**Problem description:** The lines you return should be those containing the string "define", taken from the data below.

Data extracted from a collection:
┏━━

lemma arm_touching_hole_vertex_not_NC:
  assumes g: "graph V E" and armL: "arm V E u a L"
    and Lq: "\<And>x. x \<in> L \<Longrightarrow> x \<noteq> q \<and> \<not> E x q"
    and q: "q \<in> hole_nbhd V E u" "q \<noteq> u" "\<not> E u q"
    and touch: "\<And>b B. arm V E u b B \<Longrightarrow> q \<in> B \<Longrightarrow> \<exists>x\<in>L. \<exists>y\<in>B. x = y \<or> E x y"
  shows "\<not> NC_vertex V E u"
proof -
  obtain Hq where Hq: "hole V E Hq" "u \<in> Hq" "q \<in> Hq" using q(1) unfolding hole_nbhd_def by blast
  obtain zs where zs: "hole_path V E u zs" "set zs = Hq - {u}"
    using hole_path_exists[OF g Hq(1,2)] by blast
  note zf = hole_pathD[OF zs(1)]
  define m where "m = length zs"
  have "q \<in> set zs" using zs(2) Hq q(2) by auto
  then obtain t where t: "t < m" "zs!t = q" by (auto simp: in_set_conv_nth m_def)
  have "t \<noteq> 0" "t \<noteq> m - 1" using t zf(5,6) q(3) m_def by metis+
  then have tt: "0 < t" "t < m - 1" using t by auto
  obtain x1 y1 where xy1: "x1 \<in> L" "y1 \<in> (\<lambda>k. zs!k) ` {..t}" "x1 = y1 \<or> E x1 y1"
    using touch[OF hole_path_prefix_arm[OF g zs(1), of t]] tt t m_def by fastforce
  obtain x2 y2 where xy2: "x2 \<in> L" "y2 \<in> (\<lambda>k. zs!k) ` {t..<m}" "x2 = y2 \<or> E x2 y2"
    using touch[OF hole_path_suffix_arm[OF g zs(1), of t]] tt t m_def by fastforce
  have "y1 \<noteq> q" "y2 \<noteq> q" using xy1 xy2 Lq by blast+
  then obtain k1 k2 where k1: "k1 < t" "y1 = zs!k1" and k2: "t < k2" "k2 < m" "y2 = zs!k2"
    using xy1(2) xy2(2) t by (auto simp: le_less)
  show ?thesis
  proof (rule hole_path_bypass_not_NC[OF g zs(1) tt[unfolded m_def] _ _ _ _
        k1(1) xy1(1) _ k2(1) k2(2)[unfolded m_def] xy2(1)])
    show "L \<subseteq> V" "u \<notin> L" using armL arm_centre_notin[OF g armL] unfolding arm_def by auto
    show "reach_in E L x y" if "x \<in> L" "y \<in> L" for x y using arm_reach_in[OF g armL that] .
    show "x \<noteq> zs!t \<and> \<not> E x (zs!t)" if "x \<in> L" for x using Lq[OF that] t by simp
  qed (use k1(2) k2(3) xy1(3) xy2(3) in auto)
qed

text \<open>The prefix of the hole path up to \<open>ys!s\<close> is an arm of u kept away from q, and xs joins it
  to every arm of u containing q.\<close>

lemma no_detour_one_sided:
  assumes g: "graph V E" and nc: "NC_vertex V E u" and up: "hole_path V E u ys"
    and s: "0 < s" "s < length ys - 1"
    and xs: "induced_path E xs" "3 \<le> length xs" "set xs \<subseteq> V" "u \<notin> set xs" "hd xs = ys!s" "last xs = q"
    and int: "\<And>k. 0 < k \<Longrightarrow> k < length xs - 1 \<Longrightarrow> xs!k \<notin> hole_nbhd V E u \<and> \<not> E u (xs!k)"
    and qc: "E u q \<or> (q \<in> hole_nbhd V E u \<and> \<not> E u q)"
    and low: "\<forall>i\<le>s. \<not> E q (ys!i)"
  shows False
proof -
  define p where "p = ys!s"
  define n where "n = length xs"
  define L where "L = (\<lambda>k. ys!k) ` {..s}"
  have armL: "arm V E u (ys!0) L" unfolding L_def by (rule hole_path_prefix_arm[OF g up s(2)])
  have pL: "p \<in> L" by (simp add: L_def p_def)
  have xn: "xs \<noteq> []" using xs(2) by auto
  have x0: "xs!0 = p" using xs(5) xn by (simp add: hd_conv_nth p_def)
  have xl: "xs!(n-1) = q" using xs(6) xn by (simp add: last_conv_nth n_def)
  have n3: "0 < n" "n - 1 < n" "0 \<noteq> n - 1" using xs(2) n_def by linarith+
  have pq: "p \<noteq> q" using induced_path_distinct[OF xs(1)] x0 xl n3 n_def by (metis nth_eq_iff_index_eq)
  have qin: "q \<in> set xs" using xl n3 n_def by (metis nth_mem)
  have qu: "q \<noteq> u" using qin xs(4) by auto
  have xs_in: "x \<in> L \<union> B \<or> (x \<notin> hole_nbhd V E u \<and> x \<noteq> u \<and> \<not> E u x)"
    if x: "x \<in> set xs" and B: "q \<in> B" for x B
  proof -
    obtain k where k: "k < n" "x = xs!k" using x by (auto simp: in_set_conv_nth n_def)
    show ?thesis
    proof (cases "k = 0 \<or> k = n - 1")
      case True then show ?thesis using k x0 xl pL B by auto
    next
      case False
      then have "0 < k" "k < length xs - 1" using k n_def by auto
      then show ?thesis using int[of k] k xs(4) x by auto
    qed
  qed
  have touch: "\<exists>x\<in>L. \<exists>y\<in>B. x = y \<or> E x y" if "arm V E u b B" "q \<in> B" for b B
    using hole_arms_touch[OF g armL that(1) pL that(2) induced_path_walk[OF xs(1)] xn]
      xs(3,5,6) xs_in that(2) by (auto simp: p_def)
  have Lq: "x \<noteq> q \<and> \<not> E x q" if x: "x \<in> L" for x
  proof -
    obtain k where k: "k \<le> s" "x = ys!k" using x by (auto simp: L_def)
    have "\<not> E x q" using low k graph_sym[OF g] by blast
    moreover have "x \<noteq> q"
    proof
      assume xq: "x = q"
      have "k \<noteq> s" using xq k pq p_def by auto
      then have "Suc k \<le> s" using k by simp
      moreover have "E (ys!k) (ys!Suc k)"
        using induced_path_adj[OF hole_pathD(1)[OF up], of k "Suc k"] s k by simp
      ultimately show False using low xq k by auto
    qed
    ultimately show ?thesis by blast
  qed
  show False
  proof (cases "E u q")
    case True
    have "arm V E u q {q}"
      using True xs(3) qin qu by (auto simp: arm_def reach_in_refl)
    then show False using touch Lq by blast
  next
    case False
    have "\<not> NC_vertex V E u"
    proof (rule arm_touching_hole_vertex_not_NC[OF g armL])
      show "x \<noteq> q \<and> \<not> E x q" if "x \<in> L" for x using Lq that .
      show "q \<in> hole_nbhd V E u" "q \<noteq> u" "\<not> E u q" using qc qu False by auto
      show "\<exists>x\<in>L. \<exists>y\<in>B. x = y \<or> E x y" if "arm V E u b B" "q \<in> B" for b B
        using touch that .
    qed
    then show False using nc by blast
  qed
qed

lemma no_detour_from_hole_vertex:
  assumes g: "graph V E" and nc: "NC_vertex V E u"
    and xs: "induced_path E xs" "3 \<le> length xs" "set xs \<subseteq> V" "u \<notin> set xs"
    and int: "\<And>k. 0 < k \<Longrightarrow> k < length xs - 1 \<Longrightarrow> xs!k \<notin> hole_nbhd V E u \<and> \<not> E u (xs!k)"
    and pc: "hd xs \<in> hole_nbhd V E u" "\<not> E u (hd xs)"
    and qc: "E u (last xs) \<or> (last xs \<in> hole_nbhd V E u \<and> \<not> E u (last xs))"
  shows False
proof -
  define p where "p = hd xs"
  define q where "q = last xs"
  define n where "n = length xs"
  have xn: "xs \<noteq> []" using xs(2) by auto
  have x0: "xs!0 = p" using xn by (simp add: hd_conv_nth p_def)
  have xl: "xs!(n-1) = q" using xn by (simp add: last_conv_nth n_def q_def)
  have n3: "0 < n" "n - 1 < n" "0 \<noteq> n - 1" "n - 1 \<noteq> Suc 0" using xs(2) n_def by linarith+
  have pq: "p \<noteq> q" using induced_path_distinct[OF xs(1)] x0 xl n3 n_def by (metis nth_eq_iff_index_eq)
  have npq: "\<not> E q p" using induced_path_adj[OF xs(1), of "n-1" 0] x0 xl n3 n_def by simp
  have pin: "p \<in> set xs" using xn p_def by simp
  have qin: "q \<in> set xs" using xn q_def by simp
  have qV: "q \<in> V" using qin xs(3) by auto
  have qu: "q \<noteq> u" "p \<noteq> u" using qin pin xs(4) by auto
  obtain Hp where Hp: "hole V E Hp" "u \<in> Hp" "p \<in> Hp" using pc(1) unfolding hole_nbhd_def p_def by blast
  obtain ys where ys: "hole_path V E u ys" "set ys = Hp - {u}" using hole_path_exists[OF g Hp(1,2)] by blast
  note yf = hole_pathD[OF ys(1)]
  have "p \<in> set ys" using ys(2) Hp qu by auto
  then obtain s where s: "s < length ys" "ys!s = p" by (auto simp: in_set_conv_nth)
  have s0: "s \<noteq> 0" using s yf(5) pc(2) p_def by metis
  have s1: "s \<noteq> length ys - 1" using s yf(6) pc(2) p_def by metis
  have ss: "0 < s" "s < length ys - 1" using s0 s1 s by auto
  obtain ys' s' where ys': "hole_path V E u ys'" "set ys' = set ys" "0 < s'" "s' < length ys' - 1"
      "ys'!s' = ys!s" "\<forall>i\<le>s'. \<not> E q (ys'!i)"
    using hole_path_one_sided[OF g nc ys(1) ss qu(1) qV] pq npq s by auto
  show False
    by (rule no_detour_one_sided[OF g nc ys'(1) ys'(3,4) xs _ _ int _ ys'(6)])
       (use ys' s p_def q_def qc in auto)
qed

text \<open>Closed up by u, such a path would be a hole through u after locally chordalizing by u.\<close>

lemma no_detour:
  assumes g: "graph V E" and nc: "NC_vertex V E u"
    and xs: "induced_path E xs" "3 \<le> length xs" "set xs \<subseteq> V" "u \<notin> set xs"
    and int: "\<And>k. 0 < k \<Longrightarrow> k < length xs - 1 \<Longrightarrow> xs!k \<notin> hole_nbhd V E u \<and> \<not> E u (xs!k)"
    and pc: "E u (hd xs) \<or> (hd xs \<in> hole_nbhd V E u \<and> \<not> E u (hd xs))"
    and qc: "E u (last xs) \<or> (last xs \<in> hole_nbhd V E u \<and> \<not> E u (last xs))"
  shows False
proof (cases "E u (hd xs)")
  case False
  then show ?thesis using no_detour_from_hole_vertex[OF g nc xs int] pc qc by blast
next
  case hdu: True
  show ?thesis
  proof (cases "E u (last xs)")
    case True
    have uV: "u \<in> V" using graph_edgeD1[OF g hdu] .
    have "hole V E (insert u (set xs))"
      using hole_of_induced_path[OF g xs(1,2,3) uV xs(4) hdu True] int by blast
    moreover have "xs!1 \<in> set xs" using xs(2) by simp
    ultimately have "xs!1 \<in> hole_nbhd V E u" unfolding hole_nbhd_def by blast
    moreover have "1 < length xs - 1" using xs(2) by linarith
    ultimately show False using int[of 1] by auto
  next
    case False
    define n where "n = length xs"
    have xn: "xs \<noteq> []" using xs(2) by auto
    have int': "rev xs ! k \<notin> hole_nbhd V E u \<and> \<not> E u (rev xs ! k)"
      if k: "0 < k" "k < length (rev xs) - 1" for k
    proof -
      have "rev xs ! k = xs ! (length xs - Suc k)" using k by (simp add: rev_nth)
      moreover have "0 < length xs - Suc k" "length xs - Suc k < length xs - 1" using k by auto
      ultimately show ?thesis using int by simp
    qed
    show False
      by (rule no_detour_from_hole_vertex[OF g nc induced_path_rev[OF xs(1)] _ _ _ int'])
         (use xs False qc hdu xn in \<open>auto simp: hd_rev last_rev\<close>)
  qed
qed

┗━━

**Response:**
  define m where "m = length zs"
  define p where "p = ys!s"
  define n where "n = length xs"
  define L where "L = (\<lambda>k. ys!k) ` {..s}"
  define p where "p = hd xs"
  define q where "q = last xs"
  define n where "n = length xs"
    define n where "n = length xs"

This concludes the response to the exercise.